More specifically, there are good reasons for the company to initially focus on diseases affecting vision. CRISPR, the gene-editing technology used by Editas Medicine, has been shown in the past 18 months to restore sight in blind lab animals. Those external studies did not achieve very high efficiency rates and focused on diseases other than LCA, but there are encouraging similarities.
In the short term, given the early-stage nature of the technology and the company's pipeline, investors should focus more on the financial aspects of the deal. The $90 million up-front payment will provide a nice boost to the balance sheet, which showed $185 million in cash at the end of 2016. Plus, investors could expect additional up-front payments should Allergan license programs aside from LCA10.

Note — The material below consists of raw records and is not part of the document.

lemma acyclic_set_leading_vertices:
  assumes D: "digraph V E" and xs: "xs \<in> permutations_of_set V"
  shows "acyclic_set V E (leading_vertices V E xs)"
proof -
  let ?S = "leading_vertices V E xs"
  let ?r = "induced_edges E ?S"
  have loopless: "\<And>v. \<not> E v v" and in_V: "\<And>u v. E u v \<Longrightarrow> u \<in> V \<and> v \<in> V"
    using D unfolding digraph_def by auto
  have "set xs = V" using xs by (simp add: permutations_of_setD)
  have "finite ?r"
    using D unfolding digraph_def induced_edges_def leading_vertices_def
    by (auto intro: finite_subset[of _ "V \<times> V"])
  have "(x, x) \<notin> ?r\<^sup>+" for x
  proof
    assume "(x, x) \<in> ?r\<^sup>+"
    then obtain m s p where "(m, s) \<in> ?r" "(p, m) \<in> ?r"
        and "rank xs s \<le> rank xs m" "rank xs p \<le> rank xs m"
      using trancl_cycle_has_max[OF \<open>finite ?r\<close>] by metis
    then have "m \<in> ?S" "E m s" "E p m" "rank xs s \<le> rank xs m" "rank xs p \<le> rank xs m"
      unfolding induced_edges_def by auto
    have "s \<noteq> m" "p \<noteq> m" using \<open>E m s\<close> \<open>E p m\<close> loopless by auto
    then have "rank xs s < rank xs m" "rank xs p < rank xs m"
      using \<open>E m s\<close> \<open>E p m\<close> \<open>rank xs s \<le> rank xs m\<close> \<open>rank xs p \<le> rank xs m\<close>
        in_V inj_on_rank[of xs] \<open>set xs = V\<close>
      by (metis inj_onD order_neq_le_trans)+
    moreover have "s \<in> out_nbrs V E m" "p \<in> in_nbrs V E m"
      using \<open>E m s\<close> \<open>E p m\<close> in_V unfolding out_nbrs_def in_nbrs_def by auto
    ultimately show False
      using \<open>m \<in> ?S\<close> \<open>s \<noteq> m\<close> \<open>p \<noteq> m\<close>
      unfolding leading_vertices_def first_among_def by force
  qed
  then show ?thesis
    unfolding acyclic_set_def acyclic_def leading_vertices_def by auto
qed

lemma card_le_dichromatic_alpha:
  assumes "finite V" "acyclic_set V E S"
  shows "card S \<le> dichromatic_alpha V E"
proof -
  have "card ` {S. acyclic_set V E S} \<subseteq> card ` Pow V" unfolding acyclic_set_def by auto
  then have "finite (card ` {S. acyclic_set V E S})"
    using assms(1) finite_subset by blast
  with assms(2) show ?thesis unfolding dichromatic_alpha_def by (intro Max_ge) auto
qed

lemma card_leading_vertices_containing:
  assumes D: "digraph V E" and "v \<in> V"
  shows "real (card {xs \<in> permutations_of_set V. v \<in> leading_vertices V E xs})
         = fact (card V) * (1 / (1 + real (card (out_nbrs V E v)))
                            + 1 / (1 + real (card (in_nbrs V E v)))
                            - 1 / (1 + real (card (out_nbrs V E v \<union> in_nbrs V E v))))"
proof -
  let ?P = "permutations_of_set V"
  let ?A = "{xs \<in> ?P. first_among xs (out_nbrs V E v) v}"
  let ?B = "{xs \<in> ?P. first_among xs (in_nbrs V E v) v}"
  have "finite V" "v \<notin> out_nbrs V E v" "v \<notin> in_nbrs V E v"
    using D unfolding digraph_def out_nbrs_def in_nbrs_def by auto
  have nbrs_V: "out_nbrs V E v \<subseteq> V" "in_nbrs V E v \<subseteq> V"
    unfolding out_nbrs_def in_nbrs_def by auto
  let ?F = "fact (card V) :: real"
  have "{xs \<in> ?P. v \<in> leading_vertices V E xs} = ?A \<union> ?B"
    using \<open>v \<in> V\<close> unfolding leading_vertices_def by auto
  then have "real (card {xs \<in> ?P. v \<in> leading_vertices V E xs})
      = real (card ?A) + real (card ?B) - real (card (?A \<inter> ?B))"
    using card_Un_Int[of ?A ?B] by simp
  moreover have "?A \<inter> ?B = {xs \<in> ?P. first_among xs (out_nbrs V E v \<union> in_nbrs V E v) v}"
    by (auto simp: first_among_Un)
  moreover have "real (card ?A) = ?F / (1 + real (card (out_nbrs V E v)))"
    using nbrs_V \<open>v \<notin> out_nbrs V E v\<close> by (intro card_first_among \<open>finite V\<close> \<open>v \<in> V\<close>)
  moreover have "real (card ?B) = ?F / (1 + real (card (in_nbrs V E v)))"
    using nbrs_V \<open>v \<notin> in_nbrs V E v\<close> by (intro card_first_among \<open>finite V\<close> \<open>v \<in> V\<close>)
  moreover have "real (card {xs \<in> ?P. first_among xs (out_nbrs V E v \<union> in_nbrs V E v) v})
      = ?F / (1 + real (card (out_nbrs V E v \<union> in_nbrs V E v)))"
    using nbrs_V \<open>v \<notin> out_nbrs V E v\<close> \<open>v \<notin> in_nbrs V E v\<close>
    by (intro card_first_among \<open>finite V\<close> \<open>v \<in> V\<close>) auto
  ultimately show ?thesis
    by (simp only: right_diff_distrib distrib_left times_divide_eq_right mult_1_right)
qed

It's also important to note that Allergan will be responsible for all expenses related to the development and commercialization of each program licensed, unless Editas Medicine exercises its option to co-develop and co-market up to two of the programs licensed by its new partner. That will allow the gene-editing pioneer to avoid significant clinical, regulatory, and marketing expenses while developing and commercializing its platform.
This may not be a blockbuster deal for investors, but there could be more deals on the way, now that the company's technology platform is no longer operating under the fog of uncertainty caused by a recently settled legal dispute. Either way, Allergan is a deep-pocketed and experienced partner that can shield Editas Medicine from development risks as the latter prepares to bring a CRISPR therapeutic into the clinic for the first time.